More services: Over the past few years, we’ve witnessed a decimation of the Section 202 Supportive Housing for the Elderly Program, which was our nation’s only program supporting elders who are frail and have disabilities. Now, we’re seeing the same abandonment of nutrition and transportation programs that have been a lifeline for so many community-dwelling older adults. We can’t build an effective social service infrastructure without an investment in these and other vital services.
Better teamwork: We’ve made progress using interdisciplinary teams to provide coordinated care to older people and people with disabilities. But we’ve missed the boat by limiting those teams to health care professionals. We need social service providers, frontline workers, and family members on these care teams. They know the care recipient better than anyone. It makes no sense to exclude them.
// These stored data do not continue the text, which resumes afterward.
(* Let $K$ be a field which is not absolutely algebraic. Then $K$ has a maximal subring which is integrally closed in $K$ and is a conch subring of $K$.
   Context: All rings are commutative with $1\neq0$ and subrings are unital. A field is absolutely algebraic if it is algebraic over $\mathbb{F}_p$ for some prime $p$. A maximal subring is a proper subring maximal with respect to inclusion among proper subrings. For a unit $x\in K$, a subring $V$ is a conch subring conching $x$ if $x^{-1}\in V$, $x\notin V$ and $V$ is maximal among subrings containing $x^{-1}$ but not $x$. *)

theory Defs
  imports "HOL-Computational_Algebra.Polynomial"
begin

definition subring :: "'a::comm_ring_1 set \<Rightarrow> bool" where
  "subring S \<longleftrightarrow> 1 \<in> S \<and> (\<forall>x\<in>S. \<forall>y\<in>S. x + y \<in> S \<and> x * y \<in> S \<and> - x \<in> S)"

definition maximal_subring :: "'a::comm_ring_1 set \<Rightarrow> bool" where
  "maximal_subring S \<longleftrightarrow> subring S \<and> S \<noteq> UNIV \<and>
     (\<forall>T. subring T \<and> T \<noteq> UNIV \<and> S \<subseteq> T \<longrightarrow> T = S)"

definition integral_over :: "'a::comm_ring_1 set \<Rightarrow> 'a \<Rightarrow> bool" where
  "integral_over S x \<longleftrightarrow>
     (\<exists>p. lead_coeff p = 1 \<and> (\<forall>i. coeff p i \<in> S) \<and> poly p x = 0)"

definition integrally_closed_in_univ :: "'a::comm_ring_1 set \<Rightarrow> bool" where
  "integrally_closed_in_univ S \<longleftrightarrow> (\<forall>x. integral_over S x \<longrightarrow> x \<in> S)"

definition conching :: "'a::field set \<Rightarrow> 'a \<Rightarrow> bool" where
  "conching V x \<longleftrightarrow> x \<noteq> 0 \<and> subring V \<and> inverse x \<in> V \<and> x \<notin> V \<and>
     (\<forall>W. subring W \<and> inverse x \<in> W \<and> x \<notin> W \<and> V \<subseteq> W \<longrightarrow> W = V)"

definition conch_subring :: "'a::field set \<Rightarrow> bool" where
  "conch_subring V \<longleftrightarrow> (\<exists>x. conching V x)"

text \<open>Algebraic over the prime field F_p (the image of the integers in K).\<close>
definition absolutely_algebraic :: "'a::field itself \<Rightarrow> bool" where
  "absolutely_algebraic _ \<longleftrightarrow> prime CHAR('a) \<and>
     (\<forall>x::'a. \<exists>p. p \<noteq> 0 \<and> (\<forall>i. coeff p i \<in> range of_int) \<and> poly p x = 0)"

end

theory Submission
  imports Defs "HOL-Computational_Algebra.Factorial_Ring"
begin
lemma sum_inverse_density_le:
  fixes \<alpha> :: real
  assumes "0 < \<alpha>" "\<alpha> < 1"
  shows "(\<Sum>i=1..t. 1 / density M i) \<le> 32 / \<alpha> * ORS (card V) (nat \<lceil>(1 - \<alpha>) * r\<rceil>) * ln (card V)"
proof (cases "t = 0")
  case True
  have "0 \<le> ln (real (card V))"
    by (cases "card V = 0") auto
  with True \<open>0 < \<alpha>\<close> show ?thesis
    by simp
next
  case False
  define R where "R = real (ORS (card V) (nat \<lceil>(1 - \<alpha>) * r\<rceil>))"
  have "2 \<le> card V"
    using card_V_ge_two False by simp
  then obtain k where sum_le: "(\<Sum>i\<in>{1..t}. 1 / density M i)
      \<le> (log 2 (card V) + 1) * card {i \<in> {1..t}. 2 ^ k \<le> density M i \<and> density M i \<le> 2 ^ (k + 1)} / 2 ^ k"
    using dyadic_pigeonhole[of "{1..t}" "real (card V)" "density M"] density_ge_one density_le_card_V
    by force
  have "card {i \<in> {1..t}. 2 ^ k \<le> density M i \<and> density M i \<le> 2 ^ (k + 1)} \<le> 4 * 2 ^ (k + 1) / \<alpha> * R"
    unfolding R_def using assms one_le_power[of "2 :: real" "k + 1"] by (intro card_density_class_le) auto
  then have "card {i \<in> {1..t}. 2 ^ k \<le> density M i \<and> density M i \<le> 2 ^ (k + 1)} / 2 ^ k \<le> 8 / \<alpha> * R"
    by (simp add: divide_le_eq mult_ac)
  moreover have "0 \<le> log 2 (card V) + 1"
    using \<open>2 \<le> card V\<close> by simp
  ultimately have "(\<Sum>i\<in>{1..t}. 1 / density M i) \<le> (log 2 (card V) + 1) * (8 / \<alpha> * R)"
    using sum_le by (smt (verit) mult_left_mono times_divide_eq_right)
  also have "\<dots> \<le> 4 * ln (card V) * (8 / \<alpha> * R)"
    using log2_plus_one_le_ln[of "card V"] \<open>2 \<le> card V\<close> \<open>0 < \<alpha>\<close> unfolding R_def
    by (intro mult_right_mono) auto
  finally show ?thesis
    unfolding R_def by (simp add: mult_ac)
qed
A strong workforce: We haven’t invested enough in the workforce we need to create a person-centered social service infrastructure. We need to recruit and train more workers who can work in the community to address the unique needs of older people and people with disabilities, be effective members of interdisciplinary care teams, and help people in need access appropriate services and supports.
WHAT OLDER PEOPLE WANT
Ask older people what they need to remain healthy and independent, and I doubt they will tell you they need a better primary care physician.
Instead, they will ask for affordable housing and reliable transportation. Ask them a second time and they will request access to congregate meals, help to manage chronic conditions, and more opportunities for social interaction.
I’ve had these conversations with older adults, and they’ve convinced me that our nation is investing too many dollars in a medical care system where older people spend only a fraction of their time.
Instead, we need to take our lead from Arthur Fleming and invest in a social support infrastructure that helps older adults and people with disabilities live their lives, day in and day out.
Robyn I. Stone, DrPH, is senior vice president of research at LeadingAge, and co-director of the LeadingAge LTSS Center @UMass Boston. Her widely published work addresses long-term care policy and quality, chronic care for people with disabilities, the aging services workforce, affordable senior housing, and family caregiving.